Purpose: No consensus exists about the causal relationship between vitamin D (VD) and male factor infertility due to heterogeneity and confounding factors even in randomized controlled trials (RCTs). This study aimed to investigate the causal association between 25 hydroxyvitamin D (25OHD) levels and male factor infertility through Mendelian randomization (MR) and provide complementary information for optimization of future RCTs.
Materials and methods: Two-sample MR analyses with four steps were performed. Single-nucleotide polymorphisms (SNPs) for VD were extracted from 417,580 Europeans in the UK Biobank, and the summary-level data of male factor infertility (825 cases and 85,722 controls) were extracted from the FinnGen.

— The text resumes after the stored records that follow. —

(* Let $\mathcal M=(S,A,P,R)$ be an MDP with rewards, $\mathrm{Bad}\subset S$ a set of sink states, $s_0\in S$ with $\mathrm{Val}(s_0)>0$, and $\mathcal M'$ the pruned MDP. Let $\sigma^*$ be a strategy of $\mathcal M'$ maximizing $\mathbb E'_{\sigma,s_0}(\mathsf{MP})$ over all strategies $\sigma$ of $\mathcal M'$. Then (1) $\Pr_{\sigma^*,s_0}(\Box\neg\mathrm{Bad})=\mathrm{Val}(s_0)$, and (2) $\mathbb E_{\sigma^*,s_0}(\mathsf{MP}\mid\Box\neg\mathrm{Bad})=\max_{\sigma\in\Sigma_{\mathcal M,s_0}(\Box\neg\mathrm{Bad})}\mathbb E_{\sigma,s_0}(\mathsf{MP}\mid\Box\neg\mathrm{Bad})$.
   Context: An MDP with rewards is $\mathcal M=(S,A,P,R)$ with $S,A$ finite, $P$ a partial map $S\times A\to\mathrm{Dist}(S)$ and $R:S\times A\to\mathbb R$; $a$ is legal at $s$ if $P(s,a)$ is defined; $P(s,a,s')=P(s,a)(s')$. A strategy maps finite paths to distributions over legal actions at the last state (history-dependent, randomized); $\Pr_{\sigma,s}$, $\mathbb E_{\sigma,s}$ are the induced probability measure and expectation on infinite paths from $s$. States in $\mathrm{Bad}$ are sinks (single legal action, self-loop with probability 1); $\Box\neg\mathrm{Bad}$ is the event of never visiting $\mathrm{Bad}$; $\mathrm{Val}(s)=\max_\sigma\Pr_{\sigma,s}(\Box\neg\mathrm{Bad})$; $\Sigma_{\mathcal M,s}(\Box\neg\mathrm{Bad})$ is the set of strategies attaining $\mathrm{Val}(s)$ from $s$. For a path $s_0a_0s_1a_1\dots$, $\mathrm{Reward}_n=\sum_{i=0}^{n-1}R(s_i,a_i)$. $\mathbb E_{\sigma,s}(\mathsf{MP}\mid\Box\neg\mathrm{Bad})=\liminf_{n\to\infty}\frac1n\mathbb E_{\sigma,s}(\mathrm{Reward}_n\cdot\mathbf 1_{\Box\neg\mathrm{Bad}})/\Pr_{\sigma,s}(\Box\neg\mathrm{Bad})$, and in any MDP $\mathbb E_{\sigma,s}(\mathsf{MP})=\liminf_{n\to\infty}\frac1n\mathbb E_{\sigma,s}(\mathrm{Reward}_n)$. $\mathrm{Opt}_{\mathcal M}=\{(s,a): a\text{ legal at }s,\ \mathrm{Val}(s)=\sum_{s'}P(s,a,s')\mathrm{Val}(s')\}$. The pruned MDP $\mathcal M'=(S',A,P',R')$ has $S'=\{s:\mathrm{Val}(s)>0\}$, $R'=R$ restricted to $S'$, and $P'(s,a,s')=P(s,a,s')\mathrm{Val}(s')/\mathrm{Val}(s)$ if $s\in S'$ and $(s,a)\in\mathrm{Opt}_{\mathcal M}$ (undefined otherwise). Strategies of $\mathcal M'$ are identified with strategies of $\mathcal M$ that after every finite path $\rho$ only play actions $a$ with $(\mathrm{last}(\rho),a)\in\mathrm{Opt}_{\mathcal M}$; $\mathbb E'_{\sigma,s}$ is the expectation in $\mathcal M'$ (with rewards $R'$). *)

theory Defs
  imports "HOL-Probability.Probability"
begin

text \<open>
  The transition function is a partial map  P :: 's => 'a => 's pmf option
  (action a is legal at s iff P s a is defined).
  A (history-dependent, randomized) strategy receives the finite path
  s_0 a_0 ... s_(n-1) a_(n-1) s_n, given as the list of pairs (s_i,a_i), i<n,
  together with the last state s_n, and returns a distribution over actions.
\<close>

type_synonym ('s, 'a) strategy = "('s \<times> 'a) list \<Rightarrow> 's \<Rightarrow> 'a pmf"

definition legal :: "('s \<Rightarrow> 'a \<Rightarrow> 's pmf option) \<Rightarrow> 's \<Rightarrow> 'a \<Rightarrow> bool" where
  "legal P s a \<longleftrightarrow> P s a \<noteq> None"

definition is_strategy :: "('s \<Rightarrow> 'a \<Rightarrow> 's pmf option) \<Rightarrow> ('s, 'a) strategy \<Rightarrow> bool" where
  "is_strategy P \<sigma> \<longleftrightarrow> (\<forall>h s. set_pmf (\<sigma> h s) \<subseteq> {a. legal P s a})"

definition step_kernel ::
  "('s \<Rightarrow> 'a \<Rightarrow> 's pmf) \<Rightarrow> ('s, 'a) strategy \<Rightarrow> 's \<Rightarrow> nat \<Rightarrow> (nat \<Rightarrow> 's \<times> 'a) \<Rightarrow> ('s \<times> 'a) measure"
where
  "step_kernel T \<sigma> s0 i \<omega> =
     (if i = 0 then measure_pmf (map_pmf (\<lambda>a. (s0, a)) (\<sigma> [] s0))
      else measure_pmf
        (bind_pmf (T (fst (\<omega> (i - 1))) (snd (\<omega> (i - 1))))
          (\<lambda>t. map_pmf (\<lambda>b. (t, b)) (\<sigma> (map \<omega> [0..<i]) t))))"

definition path_measure ::
  "('s \<Rightarrow> 'a \<Rightarrow> 's pmf) \<Rightarrow> ('s, 'a) strategy \<Rightarrow> 's \<Rightarrow> (nat \<Rightarrow> 's \<times> 'a) measure"
where
  "path_measure T \<sigma> s0 =
     projective_family.lim UNIV
       (Ionescu_Tulcea.CI (step_kernel T \<sigma> s0) (\<lambda>_. count_space UNIV))
       (\<lambda>_. count_space UNIV)"

text \<open>Total transition function of the original MDP (only used at legal actions).\<close>
definition trans :: "('s \<Rightarrow> 'a \<Rightarrow> 's pmf option) \<Rightarrow> 's \<Rightarrow> 'a \<Rightarrow> 's pmf" where
  "trans P s a = the (P s a)"

definition safe_paths :: "'s set \<Rightarrow> (nat \<Rightarrow> 's \<times> 'a) set" where
  "safe_paths Bad = {\<omega>. \<forall>i. fst (\<omega> i) \<notin> Bad}"

definition Pr_safe ::
  "('s \<Rightarrow> 'a \<Rightarrow> 's pmf option) \<Rightarrow> 's set \<Rightarrow> ('s, 'a) strategy \<Rightarrow> 's \<Rightarrow> real" where
  "Pr_safe P Bad \<sigma> s = measure (path_measure (trans P) \<sigma> s) (safe_paths Bad)"

definition Val :: "('s \<Rightarrow> 'a \<Rightarrow> 's pmf option) \<Rightarrow> 's set \<Rightarrow> 's \<Rightarrow> real" where
  "Val P Bad s = (SUP \<sigma>\<in>{\<sigma>. is_strategy P \<sigma>}. Pr_safe P Bad \<sigma> s)"

definition opt_safe_strategies ::
  "('s \<Rightarrow> 'a \<Rightarrow> 's pmf option) \<Rightarrow> 's set \<Rightarrow> 's \<Rightarrow> ('s, 'a) strategy set" where
  "opt_safe_strategies P Bad s =
     {\<sigma>. is_strategy P \<sigma> \<and> Pr_safe P Bad \<sigma> s = Val P Bad s}"

definition reward_n :: "('s \<Rightarrow> 'a \<Rightarrow> real) \<Rightarrow> nat \<Rightarrow> (nat \<Rightarrow> 's \<times> 'a) \<Rightarrow> real" where
  "reward_n R n \<omega> = (\<Sum>i<n. R (fst (\<omega> i)) (snd (\<omega> i)))"

definition cond_MP ::
  "('s \<Rightarrow> 'a \<Rightarrow> 's pmf option) \<Rightarrow> ('s \<Rightarrow> 'a \<Rightarrow> real) \<Rightarrow> 's set \<Rightarrow> ('s, 'a) strategy \<Rightarrow> 's \<Rightarrow> ereal"
where
  "cond_MP P R Bad \<sigma> s =
     liminf (\<lambda>n. ereal ((1 / real n) *
        (\<integral>\<omega>. reward_n R n \<omega> * indicator (safe_paths Bad) \<omega> \<partial>path_measure (trans P) \<sigma> s)
        / Pr_safe P Bad \<sigma> s))"

definition exp_MP ::
  "('s \<Rightarrow> 'a \<Rightarrow> 's pmf) \<Rightarrow> ('s \<Rightarrow> 'a \<Rightarrow> real) \<Rightarrow> ('s, 'a) strategy \<Rightarrow> 's \<Rightarrow> ereal" where
  "exp_MP T R \<sigma> s =
     liminf (\<lambda>n. ereal ((1 / real n) * (\<integral>\<omega>. reward_n R n \<omega> \<partial>path_measure T \<sigma> s)))"

definition Opt :: "('s::finite \<Rightarrow> 'a \<Rightarrow> 's pmf option) \<Rightarrow> 's set \<Rightarrow> ('s \<times> 'a) set" where
  "Opt P Bad = {(s, a). legal P s a \<and>
      Val P Bad s = (\<Sum>t\<in>UNIV. pmf (the (P s a)) t * Val P Bad t)}"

Results: Totally 99 SNPs robustly associated with the 25OHD were included, and a 1-unit increase in genetically predicted natural-log transformed 25OHD levels was associated with decreased risk of male factor infertility (odds ratio [OR], 0.62; 95% confidence interval [CI], 0.44-0.89; p=0.010), which was consistent in all three sensitivity analyses (MR-Egger, weighted median, and weighted mode methods). The conclusion still stands after removing SNPs which explained more variation in the male factor infertility than the 25OHD (OR, 0.61; 95% CI, 0.42-0.88; p=0.009; n=62), and which were associated with confounders (body mass index, type 2 diabetes, smoking, and coronary artery diseases) of male factor infertility (OR, 0.58; 95% CI, 0.39-0.85; p=0.005; n=55).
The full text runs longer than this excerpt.